Ah, to be a Nobody! To come into a town where no one knows
you and you know no one. Just a stranger passing through, a pair of legs with
two eyes and a camera, a dreamer dreaming with a pen and journal in hand. You
are not in any of the photos (no selfies), just the eye you see with. And if
you are writing well, as did the ancient haiku poets, you are not wholly
present in your writing either, just reporting what you see and hear without
too many adjectives of I-statements.
This such a delicious freedom! No pre-arranged self to live
up to or feel confined by, no pressure to be known or to know anyone else. You’re
in this world, but also apart, just observing, just reporting, just enjoying
the cool breeze in the shade. No tangled relationships, no “we’ve got to talk”
heavy conversations, no big or little dramas. You’re just a stranger passing
through.
And if you tire of the game, there’s always (well, almost
always) the thin thread of wifi to tug on if you want to be a somebody again.

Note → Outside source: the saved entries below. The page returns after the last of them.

theorem lemma2p4:
  fixes V :: "'v set" and E :: "'v set set" and P :: "'v set \<Rightarrow> nat set"
    and q k k' :: nat and t :: real and v :: 'v and c :: nat
  assumes "finite V"
    and "\<forall>e\<in>E. e \<subseteq> V"
    and "\<forall>e\<in>E. P e \<subseteq> {1..q}"
    and "2 \<le> k'" and "k' \<le> k"
    and "\<forall>e\<in>E. k' \<le> card e \<and> card e \<le> k"
    and "real k \<le> t"
    and "real q \<ge> (exp 1 * t * real (max_degree V E)) powr (1 / (real k' - 1))"
    and "v \<in> V" and "c \<in> {1..q}"
  shows "prob_colour V E P q v c \<ge> (1 / real q) * (1 - 1 / t)"
proof -
  interpret pinned_hypergraph_colouring V E P q k k' t
    using assms by unfold_locales auto
  let ?N = "real (card {\<sigma> \<in> \<C>. \<sigma> v = c})"
  have "real (card \<C>) = real (card (\<C> \<inter> blocked v c)) + real (card (\<C> - blocked v c))"
    using card_Int_Diff[OF finite_proper_colourings] by (metis of_nat_add)
  moreover have "real (card (\<C> \<inter> blocked v c)) \<le> real (card \<C>) / t"
    using card_Int_blocked_le[OF assms(9,10)] two_le_t by (simp add: pos_le_divide_eq)
  moreover have "real (card \<C>) * (1 - 1 / t) = real (card \<C>) - real (card \<C>) / t"
    by (simp add: algebra_simps)
  ultimately have "real (card \<C>) * (1 - 1 / t) \<le> real (card (\<C> - blocked v c))"
    by linarith
  also have "\<dots> \<le> ?N * real q"
    using card_unblocked_le[OF assms(9,10)] by (simp flip: of_nat_mult)
  finally have "real (card \<C>) * (1 - 1 / t) / real q \<le> ?N"
    using assms(10) by (simp add: pos_divide_le_eq)
  moreover have "0 < card \<C>"
    using card_proper_colourings_pos assms(10) by auto
  ultimately show ?thesis
    unfolding prob_colour_def by (simp add: pos_le_divide_eq mult.commute)
qed

end
(* Let $\Theta$ be a non-empty finite set, let $\mathcal{S}$ be a measurable subset of $\Delta(\Theta)$, and fix an interview cost $c>0$. For two populations $\pi,\pi'\in\Delta(\mathcal{S})$ with $p_\pi=p_{\pi'}$, $\pi' \mathrel{M} \pi$ holds if and only if either (i) there is systematic ex-ante discrimination against $\pi$, or (ii) there is no ex-ante discrimination.
   Context: $\Delta(\Theta)$ denotes the set of probability distributions on $\Theta$ (with its Borel $\sigma$-algebra). A population is a probability measure $\pi\in\Delta(\mathcal{S})$; its skill distribution is $p_\pi(\theta)=\int_{\mathcal{S}} s(\theta)\,\pi(\mathrm{d}s)$ for $\theta\in\Theta$. For a non-empty finite $A\subset\mathbb{R}^\Theta$, $v_A(s)=\max_{a\in A}\sum_{\theta\in\Theta}a(\theta)s(\theta)$. A firm is a pair $(A,\alpha)$ with $A$ a non-empty finite subset of $\mathbb{R}^\Theta$ and $0<\alpha\le 1$. Firm $(A,\alpha)$ excludes population $\pi$ if $\alpha\int_{\mathcal{S}}\max\{v_A,0\}\,\mathrm{d}\pi\le c$. For $\pi,\pi'$ with $p_\pi=p_{\pi'}$: there is systematic ex-ante discrimination against $\pi$ if every firm that excludes $\pi'$ also excludes $\pi$, and some firm excludes $\pi$ but not $\pi'$. There is unsystematic ex-ante discrimination if there is a firm that excludes $\pi$ but not $\pi'$ and a firm that excludes $\pi'$ but not $\pi$. There is no ex-ante discrimination if there is neither systematic ex-ante discrimination (against $\pi$ or against $\pi'$) nor unsystematic ex-ante discrimination. $\pi' \mathrel{M} \pi$ means $\int_{\mathcal{S}} h\,\mathrm{d}\pi'\ge\int_{\mathcal{S}} h\,\mathrm{d}\pi$ for every convex continuous $h:\Delta(\Theta)\to\mathbb{R}$. *)

theory Defs
  imports "HOL-Analysis.Analysis" "HOL-Probability.Probability"
begin

text \<open>Theta is modelled by a finite type 'n; a skill profile s in Delta(Theta)
  is a vector s :: real^'n with nonnegative entries summing to 1.\<close>

definition prob_simplex :: "(real^'n::finite) set" where
  "prob_simplex = {s. (\<forall>\<theta>. 0 \<le> s $ \<theta>) \<and> (\<Sum>\<theta>\<in>UNIV. s $ \<theta>) = 1}"

definition population :: "(real^'n::finite) set \<Rightarrow> (real^'n) measure \<Rightarrow> bool" where
  "population S \<pi> \<longleftrightarrow> prob_space \<pi> \<and> sets \<pi> = sets (restrict_space borel S)"

definition skill_dist :: "(real^'n::finite) measure \<Rightarrow> 'n \<Rightarrow> real" where
  "skill_dist \<pi> \<theta> = (\<integral>s. s $ \<theta> \<partial>\<pi>)"

definition vA :: "(real^'n::finite) set \<Rightarrow> real^'n \<Rightarrow> real" where
  "vA A s = Max ((\<lambda>a. \<Sum>\<theta>\<in>UNIV. a $ \<theta> * s $ \<theta>) ` A)"

definition firm :: "(real^'n::finite) set \<Rightarrow> real \<Rightarrow> bool" where
  "firm A \<alpha> \<longleftrightarrow> finite A \<and> A \<noteq> {} \<and> 0 < \<alpha> \<and> \<alpha> \<le> 1"

definition excludes :: "real \<Rightarrow> (real^'n::finite) set \<Rightarrow> real \<Rightarrow> (real^'n) measure \<Rightarrow> bool" where
  "excludes c A \<alpha> \<pi> \<longleftrightarrow> \<alpha> * (\<integral>s. max (vA A s) 0 \<partial>\<pi>) \<le> c"

definition systematic_disc :: "real \<Rightarrow> (real^'n::finite) measure \<Rightarrow> (real^'n) measure \<Rightarrow> bool" where
  "systematic_disc c \<pi> \<pi>' \<longleftrightarrow>
     (\<forall>A \<alpha>. firm A \<alpha> \<longrightarrow> excludes c A \<alpha> \<pi>' \<longrightarrow> excludes c A \<alpha> \<pi>) \<and>
     (\<exists>A \<alpha>. firm A \<alpha> \<and> excludes c A \<alpha> \<pi> \<and> \<not> excludes c A \<alpha> \<pi>')"

definition unsystematic_disc :: "real \<Rightarrow> (real^'n::finite) measure \<Rightarrow> (real^'n) measure \<Rightarrow> bool" where
  "unsystematic_disc c \<pi> \<pi>' \<longleftrightarrow>
     (\<exists>A \<alpha>. firm A \<alpha> \<and> excludes c A \<alpha> \<pi> \<and> \<not> excludes c A \<alpha> \<pi>') \<and>
     (\<exists>A \<alpha>. firm A \<alpha> \<and> excludes c A \<alpha> \<pi>' \<and> \<not> excludes c A \<alpha> \<pi>)"

definition no_disc :: "real \<Rightarrow> (real^'n::finite) measure \<Rightarrow> (real^'n) measure \<Rightarrow> bool" where
  "no_disc c \<pi> \<pi>' \<longleftrightarrow>
     \<not> systematic_disc c \<pi> \<pi>' \<and> \<not> systematic_disc c \<pi>' \<pi> \<and> \<not> unsystematic_disc c \<pi> \<pi>'"

definition M_order :: "(real^'n::finite) measure \<Rightarrow> (real^'n) measure \<Rightarrow> bool" where
  "M_order \<pi>' \<pi> \<longleftrightarrow>
     (\<forall>h. convex_on prob_simplex h \<and> continuous_on prob_simplex h \<longrightarrow>
          (\<integral>s. h s \<partial>\<pi>') \<ge> (\<integral>s. h s \<partial>\<pi>))"

end

theory Submission
  imports Defs
begin

text \<open>Exclusion only depends on the interview values \<open>\<integral> max v\<^sub>A 0 d\<pi>\<close>, and scaling the menu
  \<open>A\<close> scales its interview value. Hence (as \<open>c > 0\<close>) "every firm that excludes \<open>\<pi>'\<close> also
  excludes \<open>\<pi>\<close>" says exactly that every interview value is at least as large under \<open>\<pi>'\<close> as
  under \<open>\<pi>\<close>. The functions \<open>max v\<^sub>A 0\<close> are convex and continuous, which gives one direction.
  Conversely, a continuous convex function on the simplex is the supremum of its affine minorants,
  affine functions are linear on the simplex, and by compactness finitely many of them
  approximate it uniformly; so, shifted to be nonnegative, it is a uniform limit of functions
  \<open>max v\<^sub>A 0\<close>.\<close>

lemma vA_eq_Max_inner: "vA A s = Max ((\<lambda>a. inner a s) ` A)"
  unfolding vA_def inner_vec_def by simp

lemma inner_le_vA: "finite A \<Longrightarrow> a \<in> A \<Longrightarrow> inner a s \<le> vA A s"
  unfolding vA_eq_Max_inner by (rule Max_ge) auto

But for now, enjoy the freedom to spring the traps of all the selves you’ve
created and work so hard to sustain. Just wander, anonymous, free, no one in
particular partaking of whatever the world presents to you. Do it while you
can!
Because soon, you’ve have to return to being somebody
specific. (Lily Tomlin: “I always wanted to be somebody, but I guess I should
have been more specific.”) The one crafted from all the selves you tried on
that didn’t fit until you found the one that did. Your little corner of creation
from which to know the world and give back to the world. If things have gone
well, this fellow also gives back pleasure, someone you’re mostly happy to hang
out with, someone who feels useful and occasionally needed and once in a while,
absolutely necessary for the occasion. Always a work-in-progress, always the
tinge of regret that I, for example, will never play piano as well as that
14-year old last night or write the best-selling book that lies on people’s
nightstand, but at the end of the day, happy to be able to play piano at all,
to write the books I’ve written (and this blog), to have given children and
adults some happiness in workshops making music. That’s a guy I can live with
and anyway, do I have a choice?
But no matter how well we get along, we will need a break
from each other and I believe that that
is what vacation is for. Give that guy a break, wander the world as nobody in
particular and feel how you will return to the somebody refreshed, rejuvenated, renewed. That’s the gift Sicily has given me this past week and one I have so
happily received. And hope to for the next four days before I’m standing in
front of the class again with something that people expect me to do and say. May
it be so!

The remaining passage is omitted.